Please take the records that follow and repeat exactly the lines starting with the line with "define K where" and going on through the line with "I j \<inter>".
╭─ Data provided
lemma (in finite_measure) set_integral_eq_average_on_mult:
  assumes "E \<in> sets M"
  shows "(LINT \<omega>:E|M. u \<omega>) = average_on M u E * measure M E"
proof (cases "measure M E = 0")
  case True
  then have "AE \<omega> in M. indicator E \<omega> *\<^sub>R u \<omega> = 0"
    using AE_not_in[of E M] assms by (auto simp: emeasure_eq_measure null_sets_def elim: eventually_mono)
  then show ?thesis
    unfolding set_lebesgue_integral_def using True by (simp add: integral_eq_zero_AE)
next
  case False
  then show ?thesis
    unfolding set_lebesgue_integral_def average_on_def by (simp add: mult.commute)
qed

lemma sets_level_set_count_space:
  assumes "\<beta> \<in> measurable M (count_space UNIV)"
  shows "{\<omega> \<in> space M. P (\<beta> \<omega>)} \<in> sets M"
proof -
  have "{\<omega> \<in> space M. P (\<beta> \<omega>)} = \<beta> -` {j. P j} \<inter> space M"
    by auto
  then show ?thesis
    using measurable_sets[OF assms, of "{j. P j}"] by simp
qed

lemma set_integral_level_sets_sum:
  fixes w :: "'a \<Rightarrow> real"
  assumes "\<beta> \<in> measurable M (count_space UNIV)" "finite K" "integrable M w"
  shows "(LINT \<omega>:{\<omega> \<in> space M. \<beta> \<omega> \<in> K}|M. w \<omega>) = (\<Sum>j\<in>K. LINT \<omega>:{\<omega> \<in> space M. \<beta> \<omega> = j}|M. w \<omega>)"
proof -
  have "{\<omega> \<in> space M. \<beta> \<omega> \<in> K} = (\<Union>j\<in>K. {\<omega> \<in> space M. \<beta> \<omega> = j})"
    by auto
  moreover have "disjoint_family_on (\<lambda>j. {\<omega> \<in> space M. \<beta> \<omega> = j}) K"
    unfolding disjoint_family_on_def by auto
  ultimately show ?thesis
    using assms sets_level_set_count_space[OF assms(1)]
    by (auto simp: set_integrable_def mult.commute
        intro!: set_integral_finite_Union integrable_real_mult_indicator)
qed

lemma (in finite_measure) integrable_comp_finite_range:
  assumes "\<beta> \<in> measurable M (count_space UNIV)" "finite (\<beta> ` space M)"
  shows "integrable M (\<lambda>\<omega>. c (\<beta> \<omega>) :: real)"
proof (rule integrable_const_bound[where B="Max ((\<lambda>j. \<bar>c j\<bar>) ` \<beta> ` space M)"])
  show "AE \<omega> in M. norm (c (\<beta> \<omega>)) \<le> Max ((\<lambda>j. \<bar>c j\<bar>) ` \<beta> ` space M)"
    using assms(2) by (intro AE_I2) (auto intro: Max_ge)
qed (rule measurable_compose[OF assms(1) borel_measurable_count_space])

text \<open>Each A in the \<sigma>-algebra generated by g is a union of level sets of \<beta>, on each of which
  u and g have the same integral.\<close>
lemma (in finite_measure) real_cond_exp_eq_average_on_level_sets:
  fixes \<beta> :: "'a \<Rightarrow> 'b" and u g :: "'a \<Rightarrow> real"
  assumes \<beta>: "\<beta> \<in> measurable M (count_space UNIV)" "finite (\<beta> ` space M)"
    and u: "integrable M u"
    and g: "\<And>\<omega>. \<omega> \<in> space M \<Longrightarrow> g \<omega> = average_on M u {\<omega>' \<in> space M. \<beta> \<omega>' = \<beta> \<omega>}"
  shows "AE \<omega> in M. real_cond_exp M (vimage_algebra (space M) g borel) u \<omega> = g \<omega>"
proof -
  define L where "L j = {\<omega> \<in> space M. \<beta> \<omega> = j}" for j
  define c where "c j = average_on M u (L j)" for j
  have g_c: "g \<omega> = c (\<beta> \<omega>)" if "\<omega> \<in> space M" for \<omega>
    unfolding c_def L_def using g[OF that] .
  have L: "L j \<in> sets M" for j
    unfolding L_def using sets_level_set_count_space[OF \<beta>(1)] .
  have g_int: "integrable M g"
    using integrable_comp_finite_range[OF \<beta>, of c] Bochner_Integration.integrable_cong[of M M g "\<lambda>\<omega>. c (\<beta> \<omega>)"] g_c
    by simp
  define F where "F = vimage_algebra (space M) g borel"
  interpret F: finite_measure_subalgebra M F
    using subalgebra_vimage_algebra[OF borel_measurable_integrable[OF g_int]] unfolding F_def
    by unfold_locales
  have set_integral_level: "(LINT \<omega>:L j|M. u \<omega>) = (LINT \<omega>:L j|M. g \<omega>)" for j
  proof -
    have "(LINT \<omega>:L j|M. g \<omega>) = (LINT \<omega>:L j|M. c j)"
      by (rule set_lebesgue_integral_cong[OF L]) (simp add: L_def g_c)
    also have "\<dots> = c j * measure M (L j)"
      using L by (simp add: set_integral_const)
    finally show ?thesis
      unfolding c_def set_integral_eq_average_on_mult[OF L, where u=u] by simp
  qed
  have "AE \<omega> in M. real_cond_exp M F u \<omega> = g \<omega>"
  proof (rule F.real_cond_exp_charact[OF _ u g_int])
    show "g \<in> borel_measurable F"
      unfolding F_def by (rule measurable_vimage_algebra1) simp
    fix A assume "A \<in> sets F"
    then obtain C where "A = g -` C \<inter> space M"
      unfolding F_def by (auto simp: sets_vimage_algebra2)
    define K where "K = {j \<in> \<beta> ` space M. c j \<in> C}"
    have "finite K"
      using \<beta>(2) unfolding K_def by simp
    have A: "A = {\<omega> \<in> space M. \<beta> \<omega> \<in> K}"
      using \<open>A = g -` C \<inter> space M\<close> unfolding K_def by (auto simp: g_c)
    show "(LINT \<omega>:A|M. u \<omega>) = (LINT \<omega>:A|M. g \<omega>)"
      unfolding A set_integral_level_sets_sum[OF \<beta>(1) \<open>finite K\<close> u]
        set_integral_level_sets_sum[OF \<beta>(1) \<open>finite K\<close> g_int]
      using set_integral_level unfolding L_def by simp
  qed
  then show ?thesis
    unfolding F_def .
qed

lemma bin_index_spec:
  assumes "binning_scheme B I" "z \<in> {0..1}"
  shows "bin_index B I z < B" "z \<in> I (bin_index B I z)"
proof -
  have "\<exists>!j. j < B \<and> z \<in> I j"
    using assms unfolding binning_scheme_def by blast
  then have "bin_index B I z < B \<and> z \<in> I (bin_index B I z)"
    unfolding bin_index_def by (rule theI')
  then show "bin_index B I z < B" "z \<in> I (bin_index B I z)"
    by auto
qed

lemma bin_index_eq_iff:
  assumes "binning_scheme B I" "z \<in> {0..1}" "j < B"
  shows "bin_index B I z = j \<longleftrightarrow> z \<in> I j"
  using bin_index_spec[OF assms(1,2)] assms unfolding binning_scheme_def by blast

lemma measurable_bin_index:
  assumes "binning_scheme B I" "h \<in> borel_measurable N" "\<And>\<omega>. \<omega> \<in> space N \<Longrightarrow> h \<omega> \<in> {0..1}"
  shows "(\<lambda>\<omega>. bin_index B I (h \<omega>)) \<in> measurable N (count_space UNIV)"
  unfolding measurable_count_space_eq2_countable
proof (intro conjI ballI)
  fix j :: nat
  have "(\<lambda>\<omega>. bin_index B I (h \<omega>)) -` {j} \<inter> space N = (if j < B then h -` I j \<inter> space N else {})"
    using assms(3) bin_index_spec[OF assms(1)] bin_index_eq_iff[OF assms(1)] by auto
  moreover have "I j \<in> sets borel" if "j < B"
    using assms(1) that unfolding binning_scheme_def by (auto intro: real_interval_borel_measurable)
  ultimately show "(\<lambda>\<omega>. bin_index B I (h \<omega>)) -` {j} \<inter> space N \<in> sets N"
    using measurable_sets[OF assms(2)] by auto
qed simp

lemma binned_model_eq_average_on:
  assumes "binning_scheme B I" "\<And>\<omega>. \<omega> \<in> space M \<Longrightarrow> f (X \<omega>) \<in> {0..1}" "\<omega> \<in> space M"
  shows "binned_model M X f B I (X \<omega>)
       = average_on M (\<lambda>\<omega>. f (X \<omega>)) {\<omega>' \<in> space M. bin_index B I (f (X \<omega>')) = bin_index B I (f (X \<omega>))}"
proof -
  have "{\<omega>' \<in> space M. f (X \<omega>') \<in> I (bin_index B I (f (X \<omega>)))}
      = {\<omega>' \<in> space M. bin_index B I (f (X \<omega>')) = bin_index B I (f (X \<omega>))}"
    using assms bin_index_spec[OF assms(1)] bin_index_eq_iff[OF assms(1)] by auto
  then show ?thesis
    unfolding binned_model_def average_on_def Let_def by simp
qed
╰─
**Answer space:**
    define K where "K = {j \<in> \<beta> ` space M. c j \<in> C}"
    have "finite K"
      using \<beta>(2) unfolding K_def by simp
    have A: "A = {\<omega> \<in> space M. \<beta> \<omega> \<in> K}"
      using \<open>A = g -` C \<inter> space M\<close> unfolding K_def by (auto simp: g_c)
    show "(LINT \<omega>:A|M. u \<omega>) = (LINT \<omega>:A|M. g \<omega>)"
      unfolding A set_integral_level_sets_sum[OF \<beta>(1) \<open>finite K\<close> u]
        set_integral_level_sets_sum[OF \<beta>(1) \<open>finite K\<close> g_int]
      using set_integral_level unfolding L_def by simp
  qed
  then show ?thesis
    unfolding F_def .
qed

lemma bin_index_spec:
  assumes "binning_scheme B I" "z \<in> {0..1}"
  shows "bin_index B I z < B" "z \<in> I (bin_index B I z)"
proof -
  have "\<exists>!j. j < B \<and> z \<in> I j"
    using assms unfolding binning_scheme_def by blast
  then have "bin_index B I z < B \<and> z \<in> I (bin_index B I z)"
    unfolding bin_index_def by (rule theI')
  then show "bin_index B I z < B" "z \<in> I (bin_index B I z)"
    by auto
qed

lemma bin_index_eq_iff:
  assumes "binning_scheme B I" "z \<in> {0..1}" "j < B"
  shows "bin_index B I z = j \<longleftrightarrow> z \<in> I j"
  using bin_index_spec[OF assms(1,2)] assms unfolding binning_scheme_def by blast

lemma measurable_bin_index:
  assumes "binning_scheme B I" "h \<in> borel_measurable N" "\<And>\<omega>. \<omega> \<in> space N \<Longrightarrow> h \<omega> \<in> {0..1}"
  shows "(\<lambda>\<omega>. bin_index B I (h \<omega>)) \<in> measurable N (count_space UNIV)"
  unfolding measurable_count_space_eq2_countable
proof (intro conjI ballI)
  fix j :: nat
  have "(\<lambda>\<omega>. bin_index B I (h \<omega>)) -` {j} \<inter> space N = (if j < B then h -` I j \<inter> space N else {})"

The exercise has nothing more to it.